Material supplied
(* Let $N$ and $m=m(N)$ be positive integers such that $m = \Theta(N)$ as $N \rightarrow \infty$ and $\frac{m}{N} < \frac{1}{100}$. Place each of $m$ balls independently and uniformly at random into one of $N$ bins, and let $Z$ be the number of bins containing at least $2$ balls. Then, for $N$ large enough, \[ \mathrm{Var}[Z] = h\left(\frac{m}{N}\right)N +O(1) \geq \frac{1}{3}\left(\frac{m}{N}\right)^2 N, \] as $N \rightarrow \infty$, where $h(x) \coloneqq (1+x)e^{-x} -((1+x)^2+x^3) e^{-2x}$. *)

theory Defs
  imports "HOL-Probability.Probability" "HOL-Library.Landau_Symbols"
begin

definition balls_bins :: "nat \<Rightarrow> nat \<Rightarrow> (nat \<Rightarrow> nat) pmf" where
  "balls_bins m N = pmf_of_set (PiE {..<m} (\<lambda>_. {..<N}))"

definition bins_ge2 :: "nat \<Rightarrow> nat \<Rightarrow> (nat \<Rightarrow> nat) \<Rightarrow> real" where
  "bins_ge2 m N f = real (card {j. j < N \<and> 2 \<le> card {i. i < m \<and> f i = j}})"

definition hfun :: "real \<Rightarrow> real" where
  "hfun x = (1 + x) * exp (- x) - ((1 + x)^2 + x^3) * exp (- 2 * x)"

end

(*
  Write Z = N - (SUM j<N. I j), where I j indicates that bin j receives at most one ball.
  Exchangeability of the I j gives Var Z = N p1 + N (N - 1) p11 - N^2 p1^2, where p1 and p11 are
  the probabilities that one, resp. two given bins receive at most one ball each; both are computed
  exactly by conditioning on the bin of the last ball.  With c = m / N one has
  p1 = (1 + c) e^(-c) + O(1/N), while the covariance p11 - p1^2 equals -c^3 e^(-2c) / N + O(1/N^2)
  by an exact rational identity for its linearisation.  Hence Var Z = h(c) N + O(1), and the lower
  bound follows from h(c) >= 13/30 c^2 for c <= 1/100 together with c^2 N -> infinity.
*)
theory Submission
  imports Defs
begin

section \<open>Variance of an exchangeable sum\<close>

lemma sum_if_eq_else:
  fixes d c :: real
  assumes "j < n"
  shows "(\<Sum>k<n. if j = k then d else c) = d + (real n - 1) * c"
proof -
  have "(\<Sum>k<n. if j = k then d else c) = d + (\<Sum>k\<in>{..<n} - {j}. if j = k then d else c)"
    using assms by (simp add: sum.remove[of _ j])
  also have "(\<Sum>k\<in>{..<n} - {j}. if j = k then d else c) = (\<Sum>k\<in>{..<n} - {j}. c)"
    by (intro sum.cong) auto
  finally show ?thesis
    using assms by (simp add: of_nat_diff)
qed

lemma (in prob_space) variance_const_minus:
  fixes X :: "'a \<Rightarrow> real"
  assumes "integrable M X"
  shows "variance (\<lambda>x. c - X x) = variance X"
proof -
  have "expectation (\<lambda>x. c - X x) = c - expectation X"
    using assms by (simp add: prob_space)
  then show ?thesis
    by (simp add: power2_commute)
qed

lemma variance_sum_exchangeable:
  fixes p :: "'a pmf" and X :: "nat \<Rightarrow> 'a \<Rightarrow> real"
  assumes "finite (set_pmf p)"
    and mean: "\<And>j. j < n \<Longrightarrow> measure_pmf.expectation p (X j) = e"
    and second: "\<And>j k. j < n \<Longrightarrow> k < n \<Longrightarrow>
      measure_pmf.expectation p (\<lambda>x. X j x * X k x) = (if j = k then d else c)"
  shows "measure_pmf.variance p (\<lambda>x. \<Sum>j<n. X j x) = real n * d + real n * (real n - 1) * c - real n ^ 2 * e^2"
proof -
  have int: "integrable p f" for f :: "'a \<Rightarrow> real"
    by (rule integrable_measure_pmf_finite[OF assms(1)])
  have "measure_pmf.expectation p (\<lambda>x. \<Sum>j<n. X j x) = n * e"
    by (simp add: int mean)
  moreover have "measure_pmf.expectation p (\<lambda>x. (\<Sum>j<n. X j x)^2) = (\<Sum>j<n. \<Sum>k<n. if j = k then d else c)"
    by (simp add: power2_eq_square sum_product int second)
  moreover have "(\<Sum>j<n. \<Sum>k<n. if j = k then d else c) = (\<Sum>j<n. d + (real n - 1) * c)"
    by (intro sum.cong) (simp_all add: sum_if_eq_else)
  ultimately show ?thesis
    by (simp add: measure_pmf.variance_eq int algebra_simps power2_eq_square)
qed

section \<open>Bin loads\<close>

definition load :: "nat \<Rightarrow> (nat \<Rightarrow> nat) \<Rightarrow> nat \<Rightarrow> nat" where
  "load m f j = card {i. i < m \<and> f i = j}"

abbreviation assignments :: "nat \<Rightarrow> nat \<Rightarrow> (nat \<Rightarrow> nat) set" where
  "assignments m N \<equiv> PiE {..<m} (\<lambda>_. {..<N})"

lemma load_0 [simp]: "load 0 f j = 0"
  by (simp add: load_def)

lemma load_fun_upd: "load (Suc m) (f(m := y)) j = load m f j + of_bool (y = j)"
proof -
  have "{i. i < Suc m \<and> (f(m := y)) i = j} = {i. i < m \<and> f i = j} \<union> (if y = j then {m} else {})"
    by (auto simp: less_Suc_eq)
  then show ?thesis
    by (simp add: load_def card_insert_if)
qed

lemma sum_assignments_Suc:
  "(\<Sum>f\<in>assignments (Suc m) N. g f) = (\<Sum>y<N. \<Sum>f\<in>assignments m N. g (f(m := y)))"
proof -
  have "assignments (Suc m) N = (\<lambda>(y, f). f(m := y)) ` ({..<N} \<times> assignments m N)"
    by (simp add: lessThan_Suc PiE_insert_eq)
  moreover have "inj_on (\<lambda>(y, f). f(m := y)) ({..<N} \<times> assignments m N)"
    by (rule inj_combinator) simp
  ultimately show ?thesis
    by (simp add: sum.reindex sum.cartesian_product prod.case_distrib)
qed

Prompt
Above are some records. Print them all exactly.

Exercise output
(* Let $N$ and $m=m(N)$ be positive integers such that $m = \Theta(N)$ as $N \rightarrow \infty$ and $\frac{m}{N} < \frac{1}{100}$. Place each of $m$ balls independently and uniformly at random into one of $N$ bins, and let $Z$ be the number of bins containing at least $2$ balls. Then, for $N$ large enough, \[ \mathrm{Var}[Z] = h\left(\frac{m}{N}\right)N +O(1) \geq \frac{1}{3}\left(\frac{m}{N}\right)^2 N, \] as $N \rightarrow \infty$, where $h(x) \coloneqq (1+x)e^{-x} -((1+x)^2+x^3) e^{-2x}$. *)

theory Defs
  imports "HOL-Probability.Probability" "HOL-Library.Landau_Symbols"
begin

definition balls_bins :: "nat \<Rightarrow> nat \<Rightarrow> (nat \<Rightarrow> nat) pmf" where
  "balls_bins m N = pmf_of_set (PiE {..<m} (\<lambda>_. {..<N}))"

definition bins_ge2 :: "nat \<Rightarrow> nat \<Rightarrow> (nat \<Rightarrow> nat) \<Rightarrow> real" where
  "bins_ge2 m N f = real (card {j. j < N \<and> 2 \<le> card {i. i < m \<and> f i = j}})"

definition hfun :: "real \<Rightarrow> real" where
  "hfun x = (1 + x) * exp (- x) - ((1 + x)^2 + x^3) * exp (- 2 * x)"

end

(*
  Write Z = N - (SUM j<N. I j), where I j indicates that bin j receives at most one ball.
  Exchangeability of the I j gives Var Z = N p1 + N (N - 1) p11 - N^2 p1^2, where p1 and p11 are
  the probabilities that one, resp. two given bins receive at most one ball each; both are computed
  exactly by conditioning on the bin of the last ball.  With c = m / N one has
  p1 = (1 + c) e^(-c) + O(1/N), while the covariance p11 - p1^2 equals -c^3 e^(-2c) / N + O(1/N^2)
  by an exact rational identity for its linearisation.  Hence Var Z = h(c) N + O(1), and the lower
  bound follows from h(c) >= 13/30 c^2 for c <= 1/100 together with c^2 N -> infinity.
*)
theory Submission
  imports Defs
begin

section \<open>Variance of an exchangeable sum\<close>

lemma sum_if_eq_else:
  fixes d c :: real
  assumes "j < n"
  shows "(\<Sum>k<n. if j = k then d else c) = d + (real n - 1) * c"
proof -
  have "(\<Sum>k<n. if j = k then d else c) = d + (\<Sum>k\<in>{..<n} - {j}. if j = k then d else c)"
    using assms by (simp add: sum.remove[of _ j])
  also have "(\<Sum>k\<in>{..<n} - {j}. if j = k then d else c) = (\<Sum>k\<in>{..<n} - {j}. c)"
    by (intro sum.cong) auto
  finally show ?thesis
    using assms by (simp add: of_nat_diff)
qed

lemma (in prob_space) variance_const_minus:
  fixes X :: "'a \<Rightarrow> real"
  assumes "integrable M X"
  shows "variance (\<lambda>x. c - X x) = variance X"
proof -
  have "expectation (\<lambda>x. c - X x) = c - expectation X"
    using assms by (simp add: prob_space)
  then show ?thesis
    by (simp add: power2_commute)
qed

lemma variance_sum_exchangeable:
  fixes p :: "'a pmf" and X :: "nat \<Rightarrow> 'a \<Rightarrow> real"
  assumes "finite (set_pmf p)"
    and mean: "\<And>j. j < n \<Longrightarrow> measure_pmf.expectation p (X j) = e"
    and second: "\<And>j k. j < n \<Longrightarrow> k < n \<Longrightarrow>
      measure_pmf.expectation p (\<lambda>x. X j x * X k x) = (if j = k then d else c)"
  shows "measure_pmf.variance p (\<lambda>x. \<Sum>j<n. X j x) = real n * d + real n * (real n - 1) * c - real n ^ 2 * e^2"
proof -
  have int: "integrable p f" for f :: "'a \<Rightarrow> real"
    by (rule integrable_measure_pmf_finite[OF assms(1)])
  have "measure_pmf.expectation p (\<lambda>x. \<Sum>j<n. X j x) = n * e"
    by (simp add: int mean)
  moreover have "measure_pmf.expectation p (\<lambda>x. (\<Sum>j<n. X j x)^2) = (\<Sum>j<n. \<Sum>k<n. if j = k then d else c)"
    by (simp add: power2_eq_square sum_product int second)
  moreover have "(\<Sum>j<n. \<Sum>k<n. if j = k then d else c) = (\<Sum>j<n. d + (real n - 1) * c)"
    by (intro sum.cong) (simp_all add: sum_if_eq_else)
  ultimately show ?thesis
    by (simp add: measure_pmf.variance_eq int algebra_simps power2_eq_square)
qed

section \<open>Bin loads\<close>

definition load :: "nat \<Rightarrow> (nat \<Rightarrow> nat) \<Rightarrow> nat \<Rightarrow> nat" where
  "load m f j = card {i. i < m \<and> f i = j}"

abbreviation assignments :: "nat \<Rightarrow> nat \<Rightarrow> (nat \<Rightarrow> nat) set" where
  "assignments m N \<equiv> PiE {..<m} (\<lambda>_. {..<N})"

lemma load_0 [simp]: "load 0 f j = 0"
  by (simp add: load_def)

lemma load_fun_upd: "load (Suc m) (f(m := y)) j = load m f j + of_bool (y = j)"
proof -
  have "{i. i < Suc m \<and> (f(m := y)) i = j} = {i. i < m \<and> f i = j} \<union> (if y = j then {m} else {})"
    by (auto simp: less_Suc_eq)
  then show ?thesis
    by (simp add: load_def card_insert_if)
qed

lemma sum_assignments_Suc:
  "(\<Sum>f\<in>assignments (Suc m) N. g f) = (\<Sum>y<N. \<Sum>f\<in>assignments m N. g (f(m := y)))"
proof -
  have "assignments (Suc m) N = (\<lambda>(y, f). f(m := y)) ` ({..<N} \<times> assignments m N)"
    by (simp add: lessThan_Suc PiE_insert_eq)
  moreover have "inj_on (\<lambda>(y, f). f(m := y)) ({..<N} \<times> assignments m N)"
    by (rule inj_combinator) simp
  ultimately show ?thesis
    by (simp add: sum.reindex sum.cartesian_product prod.case_distrib)
qed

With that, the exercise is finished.